Speech Prosody 2010
Chicago, IL, USA
Affective Speech Synthesis is quite important for various applications like storytelling, speech based user interfaces, computer games, etc. However, some studies revealed that Text-To-Speech (TTS) systems have tendency for not conveying a suitable emotional expressivity in their outputs. Due to the recent convergence of several analytical studies pertaining to affect and human speech, this problem can now be tackled by a new angle that has at its core an appropriate prosodic parameterization based on an intelligent detection of the affective clues of the input text.
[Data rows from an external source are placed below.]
(* Let $1\le p\le q<\infty$ and $k\in\mathbb{N}$. Let $\mathsf{M}_{p,q}(k)$ denote the least constant such that for every $n\ge k$, every function $f:\{-1,1\}^n\to\mathbb{R}$ of degree at most $k$ satisfies $\|f\|_q\le \mathsf{M}_{p,q}(k)\|f\|_p$. Then $\mathsf{M}_{p,q}(k)$ is also the least constant such that for every $n\ge k$, every function $f:\{-1,1\}^n\to\mathbb{R}$ satisfies $$\inf_{g\in \mathscr{P}^n_{>k}} \|f-g\|_{p^\ast} \leq \mathsf{M}_{p,q}(k) \inf_{g\in \mathscr{P}^n_{>k}} \|f-g\|_{q^\ast},$$ where for $r\in[1,\infty]$ the conjugate exponent $r^\ast$ is defined by $\frac1{r^\ast}+\frac1r=1$.
   Context: Every $f:\{-1,1\}^n\to\mathbb{R}$ has a unique Fourier–Walsh expansion $f=\sum_{S\subseteq\{1,\dots,n\}}\widehat f(S)w_S$, where $w_S(x)=\prod_{i\in S}x_i$. $f$ has degree at most $k$ if $\widehat f(S)=0$ whenever $|S|>k$. The $k$-th tail space is $\mathscr{P}^n_{>k}=\{f:\{-1,1\}^n\to\mathbb{R}:\ \widehat f(S)=0 \text{ whenever } |S|\le k\}$. For $r\in[1,\infty]$, $\|\cdot\|_r$ denotes the $L_r$ norm on $\{-1,1\}^n$ with respect to the uniform probability measure. *)

theory Defs
  imports "HOL-Analysis.Analysis"
begin

text \<open>The discrete cube {-1,1}^n: points are functions on nat, with coordinates
  0..n-1 in {-1,1} and all other coordinates fixed to 1.\<close>
definition cube :: "nat \<Rightarrow> (nat \<Rightarrow> real) set" where
  "cube n = {x. (\<forall>i<n. x i = -1 \<or> x i = 1) \<and> (\<forall>i\<ge>n. x i = 1)}"

definition walsh :: "nat set \<Rightarrow> (nat \<Rightarrow> real) \<Rightarrow> real" where
  "walsh S x = (\<Prod>i\<in>S. x i)"

definition fcoeff :: "nat \<Rightarrow> ((nat \<Rightarrow> real) \<Rightarrow> real) \<Rightarrow> nat set \<Rightarrow> real" where
  "fcoeff n f S = (\<Sum>x\<in>cube n. f x * walsh S x) / 2 ^ n"

definition deg_le :: "nat \<Rightarrow> nat \<Rightarrow> ((nat \<Rightarrow> real) \<Rightarrow> real) \<Rightarrow> bool" where
  "deg_le n k f \<longleftrightarrow> (\<forall>S. S \<subseteq> {..<n} \<longrightarrow> card S > k \<longrightarrow> fcoeff n f S = 0)"

definition tail_space :: "nat \<Rightarrow> nat \<Rightarrow> ((nat \<Rightarrow> real) \<Rightarrow> real) set" where
  "tail_space n k = {f. \<forall>S. S \<subseteq> {..<n} \<longrightarrow> card S \<le> k \<longrightarrow> fcoeff n f S = 0}"
lemma st_game_rel_Ebar:
  assumes "st_game_rel n (Suc d) \<rho> \<sigma>" "is_trace (chain n i) \<rho>'" "\<rho> \<in> Suff \<rho>'"
  shows "\<exists>\<sigma>'. is_trace (chain n j) \<sigma>' \<and> \<sigma> \<in> Suff \<sigma>' \<and> st_game_rel n d \<rho>' \<sigma>'"
proof -
  obtain a e a' e' where "a < e" "a' < e'"
    and \<rho>: "\<rho> = chain_trace n a e" and \<sigma>: "\<sigma> = chain_trace n a' e'"
    and eqv: "cap_equiv (3 ^ Suc d) [top_pos n, a, e] [top_pos n, a', e']" and "3 ^ Suc d \<le> n + 1"
    using assms(1) unfolding st_game_rel_def by blast
  obtain b f where "b < f" and \<rho>': "\<rho>' = chain_trace n b f"
    using assms(2) by (auto simp: is_trace_chain_iff)
  then obtain y where "b < y" "y < f" "\<rho> = chain_trace n y f"
    using assms(3) by (auto simp: Suff_chain_trace)
  with \<open>a < e\<close> have "\<rho> = chain_trace n y (y + (e - a))" "f = y + (e - a)"
    using chain_trace_eq_imp_same_length[of n a e y f] by (simp_all add: \<rho>)
  with eqv \<open>3 ^ Suc d \<le> n + 1\<close> \<open>a < e\<close> obtain y' where
    \<sigma>_shift: "\<sigma> = chain_trace n y' (y' + (e' - a'))" and
    eqv_shift: "cap_equiv (3 ^ Suc d) [top_pos n, y, y + (e - a)] [top_pos n, y', y' + (e' - a')]"
    using cap_equiv_chain_trace_shift[of "3 ^ Suc d" n a e a' e' y] by (auto simp: \<rho> \<sigma>)
  obtain b' where eqv': "cap_equiv (3 ^ d) [top_pos n, y, y + (e - a), b]
      [top_pos n, y', y' + (e' - a'), b']"
    using cap_equiv_extend_pow3[OF eqv_shift, of b] by auto
  with \<open>b < y\<close> have "b' < y'" using cap_equiv_less_iff[OF eqv', of 3 1] by simp
  moreover have "cap_equiv (3 ^ d) [top_pos n, b, f] [top_pos n, b', y' + (e' - a')]"
    using cap_equiv_select[OF eqv', of "[0, 3, 2]"] \<open>f = y + (e - a)\<close> by simp
  moreover have "3 ^ d \<le> n + 1" using \<open>3 ^ Suc d \<le> n + 1\<close> by simp
  ultimately have "st_game_rel n d \<rho>' (chain_trace n b' (y' + (e' - a')))"
    unfolding \<rho>' using \<open>b < f\<close> \<open>a' < e'\<close> by (intro st_game_relI) simp_all
  moreover have "\<sigma> \<in> Suff (chain_trace n b' (y' + (e' - a')))"
    unfolding \<sigma>_shift Suff_chain_trace using \<open>b' < y'\<close> \<open>a' < e'\<close>
    by (intro exI[of _ y']) simp
  moreover have "is_trace (chain n j) (chain_trace n b' (y' + (e' - a')))"
    using \<open>b' < y'\<close> \<open>a' < e'\<close> by (intro is_trace_chain_trace) simp
  ultimately show ?thesis by blast
qed

lemma hs_forth_st_game_rel: "hs_forth (chain n i) (chain n j) (st_game_rel n)"
  by unfold_locales
    (fact st_game_rel_Prop st_game_rel_Pref st_game_rel_Suff st_game_rel_Bbar st_game_rel_Ebar)+

lemma st_game_rel_initial_partner:
  assumes "3 ^ Suc d \<le> n + 1" "initial_trace (chain n 0) \<sigma>"
  shows "\<exists>\<rho>. initial_trace (chain n 1) \<rho> \<and> st_game_rel n d \<rho> \<sigma>"
proof -
  obtain a e where "a < e" "chain_state n a = 0" and \<sigma>: "\<sigma> = chain_trace n a e"
    using assms(2) by (auto simp: initial_trace_chain_iff)
  then have "a \<le> 0" by (simp add: chain_state_zero_iff)
  moreover have "int (3 ^ Suc d) \<le> int n + 1" using assms(1) by linarith
  ultimately have "cap_equiv (3 ^ Suc d) [top_pos n, a] [top_pos n, 1]"
    by (simp add: cap_equiv_simps cap_eq_lower top_pos_def)
  then obtain y where eqv: "cap_equiv (3 ^ d) [top_pos n, a, e] [top_pos n, 1, y]"
    using cap_equiv_extend_pow3[of d "[top_pos n, a]" "[top_pos n, 1]" e] by auto
  with \<open>a < e\<close> have "1 < y" using cap_equiv_less_iff[OF eqv, of 1 2] by simp
  have "3 ^ d \<le> n + 1" using assms(1) by simp
  with \<open>a < e\<close> \<open>1 < y\<close> eqv have "st_game_rel n d (chain_trace n 1 y) \<sigma>"
    unfolding \<sigma> by (intro st_game_rel_sym[OF st_game_relI])
  moreover have "initial_trace (chain n 1) (chain_trace n 1 y)"
    unfolding initial_trace_chain_iff using \<open>1 < y\<close>
    by (intro exI[of _ 1] exI[of _ y]) (simp add: chain_state_def)
  ultimately show ?thesis by blast
qed

lemma models_st_chain_0_if_1:
  fixes \<psi> :: "'ap hs"
  assumes "3 ^ Suc (hs_depth \<psi>) \<le> n + 1" "models_st (chain n 1) \<psi>"
  shows "models_st (chain n 0) \<psi>"
  unfolding models_st_def
proof (intro allI impI)
  fix \<sigma> assume "initial_trace (chain n 0) \<sigma>"
  then obtain \<rho> where "initial_trace (chain n 1 :: (nat, 'ap) kripke) \<rho>"
    and rel: "st_game_rel n (hs_depth \<psi>) \<rho> \<sigma>"
    using st_game_rel_initial_partner assms(1) by blast
  then have "hs_sat (chain n 1) \<rho> \<psi>" using assms(2) unfolding models_st_def by blast
  moreover have zag: "hs_forth (chain n 0) (chain n 1) (\<lambda>d. (st_game_rel n d)\<inverse>\<inverse>)"
    unfolding st_game_rel_converse by (rule hs_forth_st_game_rel)
  ultimately show "hs_sat (chain n 0) \<sigma> \<psi>"
    using hs_sat_eq_if_back_and_forth[OF hs_forth_st_game_rel zag rel order_refl] by simp
qed

section \<open>The game for the computation-tree semantics\<close>

definition chain_window :: "nat \<Rightarrow> int \<Rightarrow> int \<Rightarrow> int \<Rightarrow> nat list list" where
  "chain_window n a s e = prefixes_from (chain_trace n a e) (nat (s - a))"

lemma is_trace_chain_window:
  assumes "chain_state n a = i" "a \<le> s" "s < e"
  shows "is_trace (comp_tree (chain n i)) (chain_window n a s e)"
proof -
  have "initial_trace (chain n i) (chain_trace n a e)"
    unfolding initial_trace_chain_iff using assms by (intro exI[of _ a] exI[of _ e]) simp
  with assms show ?thesis
    unfolding chain_window_def is_trace_comp_tree_iff
    by (intro exI[of _ "chain_trace n a e"] exI[of _ "nat (s - a)"]) simp
qed

lemma ex_offset_iff:
  "a \<le> s \<Longrightarrow> (\<exists>j. nat (s - a) < j \<and> j < nat (e - a) \<and> P (a + int j)) \<longleftrightarrow> (\<exists>y. s < y \<and> y < e \<and> P y)"
proof
  assume "a \<le> s" "\<exists>y. s < y \<and> y < e \<and> P y"
  then obtain y where "s < y" "y < e" "P y" by blast
  with \<open>a \<le> s\<close> show "\<exists>j. nat (s - a) < j \<and> j < nat (e - a) \<and> P (a + int j)"
    by (intro exI[of _ "nat (y - a)"]) auto
qed force

lemma Pref_chain_window:
  assumes "a \<le> s" "s < e"
  shows "\<tau> \<in> Pref (chain_window n a s e) \<longleftrightarrow> (\<exists>y. s < y \<and> y < e \<and> \<tau> = chain_window n a s y)"
proof -
  have "\<tau> \<in> Pref (chain_window n a s e) \<longleftrightarrow>
        (\<exists>j. nat (s - a) < j \<and> j < nat (e - a) \<and> \<tau> = chain_window n a s (a + int j))"
    using take_chain_trace[of a "a + int j" e n for j]
    by (auto simp: chain_window_def Pref_prefixes_from)
  also have "\<dots> \<longleftrightarrow> (\<exists>y. s < y \<and> y < e \<and> \<tau> = chain_window n a s y)"
    using ex_offset_iff[OF assms(1), where P = "\<lambda>y. \<tau> = chain_window n a s y"] .
  finally show ?thesis .
qed

lemma Suff_chain_window:
  assumes "a \<le> s" "s < e"
  shows "\<tau> \<in> Suff (chain_window n a s e) \<longleftrightarrow> (\<exists>y. s < y \<and> y < e \<and> \<tau> = chain_window n a y e)"
proof -
  have "\<tau> \<in> Suff (chain_window n a s e) \<longleftrightarrow>
        (\<exists>j. nat (s - a) < j \<and> j < nat (e - a) \<and> \<tau> = chain_window n a (a + int j) e)"
    by (auto simp: chain_window_def Suff_prefixes_from)
  also have "\<dots> \<longleftrightarrow> (\<exists>y. s < y \<and> y < e \<and> \<tau> = chain_window n a y e)"
    using ex_offset_iff[OF assms(1), where P = "\<lambda>y. \<tau> = chain_window n a y e"] .
  finally show ?thesis .
qed
lemma add_raise_order:
  assumes "Poly_Mapping.lookup m w \<noteq> 0"
  shows "c + raise_order w m = raise_order w (c + m)"
  unfolding raise_order_def using assms
  by (intro poly_mapping_eqI) (auto simp: lookup_add lookup_minus lookup_single when_def)

lemma dmono_deriv_superset:
  assumes "finite S" "Poly_Mapping.keys m \<subseteq> S"
  shows "(dmono_deriv m :: ('v, 'a::field) dpoly) =
    (\<Sum>w\<in>S. of_nat (Poly_Mapping.lookup m w) * dp_monom (raise_order w m))"
  unfolding dmono_deriv_def raise_order_def using assms
  by (intro sum.mono_neutral_left) (auto simp: in_keys_iff)

lemma dmono_deriv_0 [simp]: "dmono_deriv 0 = 0"
  by (simp add: dmono_deriv_def)

lemma dmono_deriv_var [simp]:
  "(dmono_deriv (Poly_Mapping.single w (Suc 0)) :: ('v, 'a::field) dpoly) =
     dp_monom (Poly_Mapping.single (fst w, Suc (snd w)) 1)"
  by (simp add: dmono_deriv_def)

lemma dmono_deriv_add:
  "(dmono_deriv (a + b) :: ('v, 'a::field) dpoly) = dp_monom a * dmono_deriv b + dmono_deriv a * dp_monom b"
proof -
  let ?S = "Poly_Mapping.keys a \<union> Poly_Mapping.keys b"
  let ?T = "\<lambda>m w. dp_monom (raise_order w m) :: ('v, 'a) dpoly"
  have left: "dp_monom a * (of_nat (Poly_Mapping.lookup b w) * ?T b w) =
      of_nat (Poly_Mapping.lookup b w) * ?T (a + b) w" for w
  proof (cases "Poly_Mapping.lookup b w = 0")
    case False
    then show ?thesis
      by (simp only: mult.left_commute[of "dp_monom a"] mult_single mult_1 add_raise_order[OF False])
  qed simp
  have right: "of_nat (Poly_Mapping.lookup a w) * ?T a w * dp_monom b =
      of_nat (Poly_Mapping.lookup a w) * ?T (a + b) w" for w
  proof (cases "Poly_Mapping.lookup a w = 0")
    case False
    then show ?thesis
      by (simp only: mult.assoc mult_single mult_1 add.commute[of _ b] add_raise_order[OF False])
  qed simp
  have "dmono_deriv (a + b) = (\<Sum>w\<in>?S. of_nat (Poly_Mapping.lookup (a + b) w) * ?T (a + b) w)"
    by (rule dmono_deriv_superset) (use keys_add[of a b] in auto)
  also have "\<dots> = (\<Sum>w\<in>?S. dp_monom a * (of_nat (Poly_Mapping.lookup b w) * ?T b w) +
      of_nat (Poly_Mapping.lookup a w) * ?T a w * dp_monom b)"
    by (simp add: left right lookup_add distrib_right add.commute)
  also have "\<dots> = dp_monom a * dmono_deriv b + dmono_deriv a * dp_monom b"
    by (simp only: sum.distrib sum_distrib_left sum_distrib_right dmono_deriv_superset[of ?S] finite_UnI
        finite_keys Un_upper1 Un_upper2)
  finally show ?thesis .
qed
This, allied with recent findings on affective speech analysis, allows a suitable assignment of pitch accents, other prosodic parameters and signal properties that adhere to F0 and match the optimal parameterization for the emotion detected in the input text. Such approach allows the input text to be enriched with metainformation that assists efficiently the TTS system. Furthermore, the output of the TTS system is also postprocessed in order to enhance its affective content. Several preliminary tests confirm the validity of our approach and encourage us to continue its exploration.
Index Terms: speech synthesis, intelligent text processing, affect sensing, prosody
Bibliographic reference. Shaikh, Mostafa Al Masum / Rebordao, Antonio Rui Ferreira / Hirose, Keikichi (2010): "Improving TTS synthesis for emotional expressivity by a prosodic parameterization of affect based on linguistic analysis", In SP-2010, paper 970.